#### PROBLEM TO WORK ON:
Among the records that follow, find the line with "by (simp add: example_W example_half_initial" and the line with "example_params (1/2) E = E". Set down those lines and all lines between them exactly, without adding anything.

#### SOURCE MATERIAL:
lemma example_half_initial: "outcome example_params (1/2) 2 example_profile = S"
  by (simp add: example_outcome P_advantage_def example_qj)

lemma example_half_W_initial: "W example_params (1/2) 2 example_profile = 363/160"
  by (simp add: example_W example_half_initial example_qj)

lemma example_half_W_le:
  assumes "2 \<le> E" "E \<le> 4"
  shows "W example_params (1/2) E example_profile \<le> W example_params (1/2) 2 example_profile"
    and "outcome example_params (1/2) E example_profile = P \<Longrightarrow>
      W example_params (1/2) E example_profile < W example_params (1/2) 2 example_profile"
  unfolding example_half_W_initial
proof -
  have q: "qj example_params (1/2) E = E / 2"
    by (simp add: example_qj)
  have P_lt: "W example_params (1/2) E example_profile < 363/160"
    if P: "outcome example_params (1/2) E example_profile = P"
  proof -
    have "500/239 \<le> E"
    proof (cases "E = 4")
      case False
      have "P_advantage example_params (1/2) E = 239/500 - 1/E"
        using assms by (simp add: P_advantage_def q field_simps)
      then have "0 \<le> 239/500 - 1/E"
        using P False assms by (auto simp: example_outcome zero_le_mult_iff split: if_splits)
      then show ?thesis
        using assms by (simp add: field_simps)
    qed simp
    then show ?thesis
      using P by (simp add: example_W q field_simps)
  qed
  have S_le: "W example_params (1/2) E example_profile \<le> 363/160"
    if S: "outcome example_params (1/2) E example_profile = S"
  proof -
    have "0 \<le> (E - 2) * (640 - E)"
      using assms by simp
    then show ?thesis
      using S assms by (simp add: example_W q field_simps algebra_simps)
  qed
  show "outcome example_params (1/2) E example_profile = P \<Longrightarrow>
      W example_params (1/2) E example_profile < 363/160"
    by (rule P_lt)
  show "W example_params (1/2) E example_profile \<le> 363/160"
    using P_lt S_le by (cases "outcome example_params (1/2) E example_profile") force+
qed
(* The SWAP operation $U^{SWAP}=|00\rangle\langle00|+|01\rangle\langle10|+|10\rangle\langle01|+|11\rangle\langle11|$ is not probabilistically implementable (with any nonzero probability) over the $2$-bridge ladder network, i.e. the $(2,2)$-cluster network.
   Context: The $(2,2)$-cluster network has nodes $v_{1,1},v_{2,1}$ (inputs), $v_{1,2},v_{2,2}$ (outputs) and edges $\{v_{1,1},v_{2,1}\},\{v_{1,2},v_{2,2}\},\{v_{1,1},v_{1,2}\},\{v_{2,1},v_{2,2}\}$, each carrying an EPR pair $(|00\rangle+|11\rangle)/\sqrt2$ with one qubit at each endpoint (resource state $|\Phi\rangle_{\mathcal R}$). Input qubit $i$ is at $v_{i,1}$, output qubit $i$ at $v_{i,2}$. $U$ is probabilistically implementable if there exist a stochastic LOCC map $\Gamma$ (finite-round local operations at single nodes and classical communication, with post-selection on a subset of outcomes) and $p>0$ with $\Gamma(|\psi\rangle\langle\psi|\otimes|\Phi\rangle\langle\Phi|_{\mathcal R})=pU|\psi\rangle\langle\psi|U^\dagger$ for all pure input states $|\psi\rangle$. *)

theory Defs
  imports Complex_Main
begin

text \<open>Nodes are numbered 0 = v_{1,1}, 1 = v_{2,1}, 2 = v_{1,2}, 3 = v_{2,2}.
  A global state of the network lives in the tensor product of the local spaces
  C^{d_0} (x) C^{d_1} (x) C^{d_2} (x) C^{d_3}; basis vectors are indexed by
  multi-indices (lists of length 4, k-th entry < d_k).  A global operator from
  local dimensions ds to ds' is a function (row multi-index, column multi-index)
  to complex numbers; a local operator is a matrix as function nat => nat => complex.\<close>

type_synonym gop = "nat list \<Rightarrow> nat list \<Rightarrow> complex"
type_synonym lop = "nat \<Rightarrow> nat \<Rightarrow> complex"

definition idx :: "nat list \<Rightarrow> nat list set" where
  "idx ds = {i. length i = length ds \<and> (\<forall>k<length ds. i ! k < ds ! k)}"

definition id_op :: gop where
  "id_op i j = (if i = j then 1 else 0)"

text \<open>Left-multiplying a global operator K by the local operator A acting at node k
  (whose current local dimension is d); the identity acts on all other nodes.\<close>
definition apply_local :: "nat \<Rightarrow> nat \<Rightarrow> lop \<Rightarrow> gop \<Rightarrow> gop" where
  "apply_local k d A K = (\<lambda>i j. \<Sum>a<d. A (i ! k) a * K (i[k := a]) j)"

definition is_instrument :: "nat \<Rightarrow> nat \<Rightarrow> lop list \<Rightarrow> bool" where
  "is_instrument d d' As \<longleftrightarrow>
     (\<forall>a<d. \<forall>b<d. (\<Sum>A\<leftarrow>As. \<Sum>r<d'. cnj (A r a) * A r b) = (if a = b then 1 else 0))"

text \<open>Finite-round LOCC protocols, as the list of leaves of the protocol tree.
  Each leaf records the current local dimensions and the (product of Kraus
  operators) global operator accumulated along its branch.  A protocol is built by
  repeatedly choosing a leaf and letting one single node perform a local
  instrument there (chosen depending on the whole classical history, i.e. the
  branch), which splits the leaf into one leaf per outcome.\<close>
inductive locc :: "nat list \<Rightarrow> (nat list \<times> gop) list \<Rightarrow> bool" for ds0 where
  init: "locc ds0 [(ds0, id_op)]"
| refine: "\<lbrakk> locc ds0 L; n < length L; L ! n = (ds, K); k < length ds;
             is_instrument (ds ! k) d' As \<rbrakk>
           \<Longrightarrow> locc ds0 (take n L @ map (\<lambda>A. (ds[k := d'], apply_local k (ds ! k) A K)) As
                          @ drop (Suc n) L)"
lemma partition_on_option:
  fixes Q :: "'a set set"
  assumes "partition_on UNIV Q"
  shows "partition_on UNIV ({Some ` T | T. T \<in> Q} \<union> {{None}})"
proof -
  have "(`) Some ` Q - {{}} = (`) Some ` Q"
    using partition_onD3[OF assms] by auto
  moreover have "range Some = (UNIV - {None} :: 'a option set)"
    by (auto simp: UNIV_option_conv)
  ultimately have "partition_on (UNIV - {None}) ((`) Some ` Q)"
    using partition_on_inj_image[OF assms inj_Some] by simp
  moreover have "disjnt {None} (\<Union> ((`) Some ` Q))"
    by (auto simp: disjnt_def)
  ultimately have "partition_on UNIV (insert {None} ((`) Some ` Q))"
    by (simp add: partition_on_insert)
  moreover have "{Some ` T | T. T \<in> Q} \<union> {{None}} = insert {None} ((`) Some ` Q)"
    by blast
  ultimately show ?thesis
    by simp
qed

lemma reduction_coloring_option:
  fixes G :: "('n \<Rightarrow> real) \<Rightarrow> real \<Rightarrow> real"
  assumes part: "partition_on UNIV Q"
    and deriv_None: "\<And>\<alpha> b. \<exists>D. ((\<lambda>t. G \<alpha> t) has_real_derivative D) (at b)"
    and deriv_Some: "\<And>\<alpha> b T j1 j2. \<forall>S\<in>Q. \<alpha> constant_on S \<Longrightarrow> T \<in> Q \<Longrightarrow> j1 \<in> T \<Longrightarrow> j2 \<in> T \<Longrightarrow>
      \<exists>D. ((\<lambda>t. G (\<alpha>(j1 := t)) b) has_real_derivative D) (at (\<alpha> j1)) \<and>
          ((\<lambda>t. G (\<alpha>(j2 := t)) b) has_real_derivative D) (at (\<alpha> j2))"
  shows "reduction_coloring (\<lambda>x. G (\<lambda>i. x (Some i)) (x None)) ({Some ` T | T. T \<in> Q} \<union> {{None}})"
  unfolding reduction_coloring_def
proof (intro conjI allI impI ballI partition_on_option[OF part])
  fix x :: "'n option \<Rightarrow> real" and C u w
  assume x: "\<forall>C\<in>{Some ` T | T. T \<in> Q} \<union> {{None}}. \<forall>u\<in>C. \<forall>w\<in>C. x u = x w"
    and C: "C \<in> {Some ` T | T. T \<in> Q} \<union> {{None}}" "u \<in> C" "w \<in> C"
  define \<alpha> where "\<alpha> i = x (Some i)" for i
  have upd_Some: "(\<lambda>i. (x(Some j := t)) (Some i)) = \<alpha>(j := t)" for j t
    by (auto simp: \<alpha>_def)
  show "\<exists>D. ((\<lambda>t. G (\<lambda>i. (x(u := t)) (Some i)) ((x(u := t)) None)) has_real_derivative D) (at (x u)) \<and>
            ((\<lambda>t. G (\<lambda>i. (x(w := t)) (Some i)) ((x(w := t)) None)) has_real_derivative D) (at (x w))"
  proof (cases "C = {None}")
    case True
    then have "u = None" "w = None"
      using C by auto
    moreover have "(\<lambda>i. (x(None := t)) (Some i)) = \<alpha>" for t
      by (auto simp: \<alpha>_def)
    ultimately show ?thesis
      using deriv_None[of \<alpha> "x None"] by simp
  next
    case False
    then obtain T j1 j2 where T: "T \<in> Q" "j1 \<in> T" "j2 \<in> T" and uw: "u = Some j1" "w = Some j2"
      using C by auto
    have "\<forall>S\<in>Q. \<alpha> constant_on S"
      using x by (auto simp: constant_on_iff \<alpha>_def)
    moreover have "x (Some j) = \<alpha> j" and "(x(Some j := t)) None = x None" for j t
      by (simp_all add: \<alpha>_def)
    ultimately show ?thesis
      using deriv_Some[OF _ T, of \<alpha> "x None"] unfolding uw upd_Some by simp
  qed
qed

lemma klr_obj_partials_agree_on_color:
  fixes K :: "'n::finite \<Rightarrow> 'n \<Rightarrow> real"
  assumes "partition_on UNIV Q" and "equitable Q Q K"
    and "\<forall>S\<in>Q. (\<lambda>j. \<Sum>i\<in>UNIV. v i * K i j * y i) constant_on S"
    and "\<forall>S\<in>Q. v constant_on S"
    and "\<forall>S\<in>Q. \<alpha> constant_on S"
    and "T \<in> Q" "j1 \<in> T" "j2 \<in> T"
  shows "\<exists>D. ((\<lambda>t. klr_obj K y v lam (\<alpha>(j1 := t)) b) has_real_derivative D) (at (\<alpha> j1)) \<and>
             ((\<lambda>t. klr_obj K y v lam (\<alpha>(j2 := t)) b) has_real_derivative D) (at (\<alpha> j2))"
proof -
  have deriv: "((\<lambda>t. klr_obj K y v lam (\<alpha>(j := t)) b) has_real_derivative
      klr_grad_alpha K y v lam \<alpha> b j) (at (\<alpha> j))" for j
    using has_real_derivative_klr_obj_alpha[of K y v lam \<alpha> j b "\<alpha> j"] by simp
  have "klr_grad_alpha K y v lam \<alpha> b j1 = klr_grad_alpha K y v lam \<alpha> b j2"
    by (rule klr_grad_alpha_eq_on_color[OF assms])
  with deriv[of j1] deriv[of j2] show ?thesis
    by (intro exI[of _ "klr_grad_alpha K y v lam \<alpha> b j2"] conjI) simp_all
qed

#### SOLUTION:
  by (simp add: example_W example_half_initial example_qj)

lemma example_half_W_le:
  assumes "2 \<le> E" "E \<le> 4"
  shows "W example_params (1/2) E example_profile \<le> W example_params (1/2) 2 example_profile"
    and "outcome example_params (1/2) E example_profile = P \<Longrightarrow>
      W example_params (1/2) E example_profile < W example_params (1/2) 2 example_profile"
  unfolding example_half_W_initial
proof -
  have q: "qj example_params (1/2) E = E / 2"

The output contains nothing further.